▶ **EXERCISE AIM**:
Write out every single entry exactly.

▶ **MATERIAL SHOWN**:
(* For any $\mathbf{x}_i\in\chi$ and any $\mathbf{x}\in\mathcal{D}_{i,\mathrm{DP}}$: (i) $\mathcal{D}_{i,\mathrm{DP}}\subseteq\mathcal{D}_{i,\mathrm{ML}}$; (ii) $\|\mathbf{x}-\mathbf{y}\|\ge\|\mathbf{x}_i-\mathbf{x}_j\|$ for every $\mathbf{x}_j\in\chi$ and every $\mathbf{y}\in\mathcal{D}_{j,\mathrm{DP}}$; (iii) $\|\mathbf{x}-\mathbf{x}_j\|\ge\|\mathbf{x}_i-\mathbf{x}_j\|$ for every $\mathbf{x}_j\in\chi$, with equality (for $\mathbf{x}_j\neq\mathbf{x}_i$) only when $\mathbf{x}=\mathbf{x}_i$.
   Context: A constellation is a finite set $\chi=\{\mathbf{x}_1,\dots,\mathbf{x}_M\}\subset\mathbb{R}^2$ of distinct points, $M\ge 3$, not all lying on one line. The Voronoi region of $\mathbf{x}_i$ is $\mathcal{D}_{i,\mathrm{ML}}=\{\mathbf{x}\in\mathbb{R}^2:\|\mathbf{x}-\mathbf{x}_i\|\le\|\mathbf{x}-\mathbf{x}_j\|\ \forall j\}$. Two distinct points $\mathbf{x}_i,\mathbf{x}_j$ are neighbors if their Voronoi regions share an edge (a common boundary segment or ray of positive length); $\mathcal{S}_i$ denotes the set of neighbors of $\mathbf{x}_i$. The distance preserving constructive interference region (DPCIR) of $\mathbf{x}_i$ is $\mathcal{D}_{i,\mathrm{DP}}=\{\mathbf{x}\in\mathbb{R}^2:(\mathbf{x}_i-\mathbf{x}_j)^T\mathbf{x}\ge(\mathbf{x}_i-\mathbf{x}_j)^T(\mathbf{x}_i+\mathbf{x}_j)/2+\|\mathbf{x}_i-\mathbf{x}_j\|^2/2\ \forall\mathbf{x}_j\in\mathcal{S}_i\}$, equivalently $\{\mathbf{x}:(\mathbf{x}_i-\mathbf{x}_j)^T(\mathbf{x}-\mathbf{x}_i)\ge 0\ \forall\mathbf{x}_j\in\mathcal{S}_i\}$. *)

theory Defs
  imports "HOL-Analysis.Analysis"
begin

definition constellation :: "(real^2) set \<Rightarrow> bool" where
  "constellation C \<longleftrightarrow> finite C \<and> card C \<ge> 3 \<and> \<not> collinear C"

text \<open>Voronoi (ML decision) region of \<open>xi\<close>.\<close>
definition voronoi :: "(real^2) set \<Rightarrow> real^2 \<Rightarrow> (real^2) set" where
  "voronoi C xi = {x. \<forall>xj\<in>C. norm (x - xi) \<le> norm (x - xj)}"

text \<open>Neighbors: distinct points whose Voronoi regions share a boundary segment
  (or ray) of positive length, i.e. the common part contains a non-degenerate segment.\<close>
definition neighbors :: "(real^2) set \<Rightarrow> real^2 \<Rightarrow> (real^2) set" where
  "neighbors C xi = {xj \<in> C. xj \<noteq> xi \<and>
      (\<exists>a b. a \<noteq> b \<and> closed_segment a b \<subseteq> voronoi C xi \<inter> voronoi C xj)}"

text \<open>Distance preserving constructive interference region.\<close>
definition dpcir :: "(real^2) set \<Rightarrow> real^2 \<Rightarrow> (real^2) set" where
  "dpcir C xi = {x. \<forall>xj\<in>neighbors C xi.
      (xi - xj) \<bullet> x \<ge> (xi - xj) \<bullet> (xi + xj) / 2 + (norm (xi - xj))\<^sup>2 / 2}"

end

theory Submission
  imports Defs
begin

text \<open>
  The Voronoi region of a point of a finite planar constellation is a full-dimensional polygon,
  and every edge of it lies on the bisector between the point and one of its neighbors. Hence
  the region is already cut out by the neighbor half-planes alone, and a direction \<open>d\<close> with
  \<open>(xi - xj) \<bullet> d \<ge> 0\<close> for all neighbors \<open>xj\<close> keeps the whole ray from \<open>xi\<close> inside it, which forces
  \<open>(xi - xj) \<bullet> d \<ge> 0\<close> for every point \<open>xj\<close> of the constellation. So every \<open>x\<close> in the DPCIR
  of \<open>xi\<close> satisfies \<open>(xi - xj) \<bullet> (x - xi) \<ge> 0\<close> for all \<open>xj\<close>, and the three claims follow from
  the expansion of \<open>norm (x - xj)\<^sup>2\<close> around \<open>xi\<close> and from Cauchy-Schwarz.
\<close>

lemma norm_diff_le_iff_bisector:
  fixes x p q :: "'a::real_inner"
  shows "norm (x - p) \<le> norm (x - q) \<longleftrightarrow> (q - p) \<bullet> x \<le> (norm q ^ 2 - norm p ^ 2) / 2"
  unfolding norm_le by (simp add: power2_norm_eq_inner algebra_simps inner_commute)

lemma norm_diff_eq_iff_bisector:
  fixes x p q :: "'a::real_inner"
  shows "norm (x - p) = norm (x - q) \<longleftrightarrow> (q - p) \<bullet> x = (norm q ^ 2 - norm p ^ 2) / 2"
  unfolding norm_eq by (simp add: power2_norm_eq_inner algebra_simps inner_commute)

lemma power2_norm_diff_split:
  fixes x y z :: "'a::real_inner"
  shows "norm (x - z) ^ 2 = norm (x - y) ^ 2 + 2 * ((y - z) \<bullet> (x - y)) + norm (y - z) ^ 2"
proof -
  have "(x - y) \<bullet> (y - z) = (norm (x - z) ^ 2 - norm (x - y) ^ 2 - norm (y - z) ^ 2) / 2"
    using dot_norm[of "x - y" "y - z"] by simp
  then show ?thesis
    by (simp add: inner_commute)
qed

lemma norm_diff_le_if_inner_nonneg:
  fixes x y z :: "'a::real_inner"
  assumes "0 \<le> (y - z) \<bullet> (x - y)"
  shows "norm (x - y) \<le> norm (x - z)" and "norm (y - z) \<le> norm (x - z)"
proof -
  have "norm (x - y) ^ 2 \<le> norm (x - z) ^ 2" "norm (y - z) ^ 2 \<le> norm (x - z) ^ 2"
    using power2_norm_diff_split[of x z y] assms zero_le_power2[of "norm (x - y)"]
      zero_le_power2[of "norm (y - z)"] by linarith+
  then show "norm (x - y) \<le> norm (x - z)" "norm (y - z) \<le> norm (x - z)"
    by (meson norm_ge_zero power2_le_imp_le)+
qed

lemma parallel_if_orthogonal_to_same_2:
  fixes a n d :: "'a::euclidean_space"
  assumes "DIM('a) = 2" "d \<noteq> 0" "n \<noteq> 0" "d \<bullet> a = 0" "d \<bullet> n = 0"
  shows "\<exists>c. a = c *\<^sub>R n"
proof -
  let ?H = "{x. d \<bullet> x = 0}"
  have "span {n} \<subseteq> ?H"
    using assms(5) by (intro span_minimal) (auto simp: subspace_hyperplane)
  moreover have "dim ?H \<le> dim (span {n})"
    using assms by (simp add: dim_hyperplane)
  ultimately have "span {n} = ?H"
    by (intro subspace_dim_equal) (auto simp: subspace_hyperplane)
  then show ?thesis
    using assms(4) by (auto simp: span_singleton)
qed

lemma voronoi_eq_Inter_halfspaces:
  "voronoi C xi = (\<Inter>xj\<in>C. {x. (xj - xi) \<bullet> x \<le> (norm xj ^ 2 - norm xi ^ 2) / 2})"
  unfolding voronoi_def using norm_diff_le_iff_bisector by auto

▶ **ANSWER SECTION**:
(* For any $\mathbf{x}_i\in\chi$ and any $\mathbf{x}\in\mathcal{D}_{i,\mathrm{DP}}$: (i) $\mathcal{D}_{i,\mathrm{DP}}\subseteq\mathcal{D}_{i,\mathrm{ML}}$; (ii) $\|\mathbf{x}-\mathbf{y}\|\ge\|\mathbf{x}_i-\mathbf{x}_j\|$ for every $\mathbf{x}_j\in\chi$ and every $\mathbf{y}\in\mathcal{D}_{j,\mathrm{DP}}$; (iii) $\|\mathbf{x}-\mathbf{x}_j\|\ge\|\mathbf{x}_i-\mathbf{x}_j\|$ for every $\mathbf{x}_j\in\chi$, with equality (for $\mathbf{x}_j\neq\mathbf{x}_i$) only when $\mathbf{x}=\mathbf{x}_i$.
   Context: A constellation is a finite set $\chi=\{\mathbf{x}_1,\dots,\mathbf{x}_M\}\subset\mathbb{R}^2$ of distinct points, $M\ge 3$, not all lying on one line. The Voronoi region of $\mathbf{x}_i$ is $\mathcal{D}_{i,\mathrm{ML}}=\{\mathbf{x}\in\mathbb{R}^2:\|\mathbf{x}-\mathbf{x}_i\|\le\|\mathbf{x}-\mathbf{x}_j\|\ \forall j\}$. Two distinct points $\mathbf{x}_i,\mathbf{x}_j$ are neighbors if their Voronoi regions share an edge (a common boundary segment or ray of positive length); $\mathcal{S}_i$ denotes the set of neighbors of $\mathbf{x}_i$. The distance preserving constructive interference region (DPCIR) of $\mathbf{x}_i$ is $\mathcal{D}_{i,\mathrm{DP}}=\{\mathbf{x}\in\mathbb{R}^2:(\mathbf{x}_i-\mathbf{x}_j)^T\mathbf{x}\ge(\mathbf{x}_i-\mathbf{x}_j)^T(\mathbf{x}_i+\mathbf{x}_j)/2+\|\mathbf{x}_i-\mathbf{x}_j\|^2/2\ \forall\mathbf{x}_j\in\mathcal{S}_i\}$, equivalently $\{\mathbf{x}:(\mathbf{x}_i-\mathbf{x}_j)^T(\mathbf{x}-\mathbf{x}_i)\ge 0\ \forall\mathbf{x}_j\in\mathcal{S}_i\}$. *)

theory Defs
  imports "HOL-Analysis.Analysis"
begin

definition constellation :: "(real^2) set \<Rightarrow> bool" where
  "constellation C \<longleftrightarrow> finite C \<and> card C \<ge> 3 \<and> \<not> collinear C"

text \<open>Voronoi (ML decision) region of \<open>xi\<close>.\<close>
definition voronoi :: "(real^2) set \<Rightarrow> real^2 \<Rightarrow> (real^2) set" where
  "voronoi C xi = {x. \<forall>xj\<in>C. norm (x - xi) \<le> norm (x - xj)}"

text \<open>Neighbors: distinct points whose Voronoi regions share a boundary segment
  (or ray) of positive length, i.e. the common part contains a non-degenerate segment.\<close>
definition neighbors :: "(real^2) set \<Rightarrow> real^2 \<Rightarrow> (real^2) set" where
  "neighbors C xi = {xj \<in> C. xj \<noteq> xi \<and>
      (\<exists>a b. a \<noteq> b \<and> closed_segment a b \<subseteq> voronoi C xi \<inter> voronoi C xj)}"

text \<open>Distance preserving constructive interference region.\<close>
definition dpcir :: "(real^2) set \<Rightarrow> real^2 \<Rightarrow> (real^2) set" where
  "dpcir C xi = {x. \<forall>xj\<in>neighbors C xi.
      (xi - xj) \<bullet> x \<ge> (xi - xj) \<bullet> (xi + xj) / 2 + (norm (xi - xj))\<^sup>2 / 2}"

end

theory Submission
  imports Defs
begin

text \<open>
  The Voronoi region of a point of a finite planar constellation is a full-dimensional polygon,
  and every edge of it lies on the bisector between the point and one of its neighbors. Hence
  the region is already cut out by the neighbor half-planes alone, and a direction \<open>d\<close> with
  \<open>(xi - xj) \<bullet> d \<ge> 0\<close> for all neighbors \<open>xj\<close> keeps the whole ray from \<open>xi\<close> inside it, which forces
  \<open>(xi - xj) \<bullet> d \<ge> 0\<close> for every point \<open>xj\<close> of the constellation. So every \<open>x\<close> in the DPCIR
  of \<open>xi\<close> satisfies \<open>(xi - xj) \<bullet> (x - xi) \<ge> 0\<close> for all \<open>xj\<close>, and the three claims follow from
  the expansion of \<open>norm (x - xj)\<^sup>2\<close> around \<open>xi\<close> and from Cauchy-Schwarz.
\<close>

lemma norm_diff_le_iff_bisector:
  fixes x p q :: "'a::real_inner"
  shows "norm (x - p) \<le> norm (x - q) \<longleftrightarrow> (q - p) \<bullet> x \<le> (norm q ^ 2 - norm p ^ 2) / 2"
  unfolding norm_le by (simp add: power2_norm_eq_inner algebra_simps inner_commute)

lemma norm_diff_eq_iff_bisector:
  fixes x p q :: "'a::real_inner"
  shows "norm (x - p) = norm (x - q) \<longleftrightarrow> (q - p) \<bullet> x = (norm q ^ 2 - norm p ^ 2) / 2"
  unfolding norm_eq by (simp add: power2_norm_eq_inner algebra_simps inner_commute)

lemma power2_norm_diff_split:
  fixes x y z :: "'a::real_inner"
  shows "norm (x - z) ^ 2 = norm (x - y) ^ 2 + 2 * ((y - z) \<bullet> (x - y)) + norm (y - z) ^ 2"
proof -
  have "(x - y) \<bullet> (y - z) = (norm (x - z) ^ 2 - norm (x - y) ^ 2 - norm (y - z) ^ 2) / 2"
    using dot_norm[of "x - y" "y - z"] by simp
  then show ?thesis
    by (simp add: inner_commute)
qed

lemma norm_diff_le_if_inner_nonneg:
  fixes x y z :: "'a::real_inner"
  assumes "0 \<le> (y - z) \<bullet> (x - y)"
  shows "norm (x - y) \<le> norm (x - z)" and "norm (y - z) \<le> norm (x - z)"
proof -
  have "norm (x - y) ^ 2 \<le> norm (x - z) ^ 2" "norm (y - z) ^ 2 \<le> norm (x - z) ^ 2"
    using power2_norm_diff_split[of x z y] assms zero_le_power2[of "norm (x - y)"]
      zero_le_power2[of "norm (y - z)"] by linarith+
  then show "norm (x - y) \<le> norm (x - z)" "norm (y - z) \<le> norm (x - z)"
    by (meson norm_ge_zero power2_le_imp_le)+
qed

lemma parallel_if_orthogonal_to_same_2:
  fixes a n d :: "'a::euclidean_space"
  assumes "DIM('a) = 2" "d \<noteq> 0" "n \<noteq> 0" "d \<bullet> a = 0" "d \<bullet> n = 0"
  shows "\<exists>c. a = c *\<^sub>R n"
proof -
  let ?H = "{x. d \<bullet> x = 0}"
  have "span {n} \<subseteq> ?H"
    using assms(5) by (intro span_minimal) (auto simp: subspace_hyperplane)
  moreover have "dim ?H \<le> dim (span {n})"
    using assms by (simp add: dim_hyperplane)
  ultimately have "span {n} = ?H"
    by (intro subspace_dim_equal) (auto simp: subspace_hyperplane)
  then show ?thesis
    using assms(4) by (auto simp: span_singleton)
qed

lemma voronoi_eq_Inter_halfspaces:
  "voronoi C xi = (\<Inter>xj\<in>C. {x. (xj - xi) \<bullet> x \<le> (norm xj ^ 2 - norm xi ^ 2) / 2})"
  unfolding voronoi_def using norm_diff_le_iff_bisector by auto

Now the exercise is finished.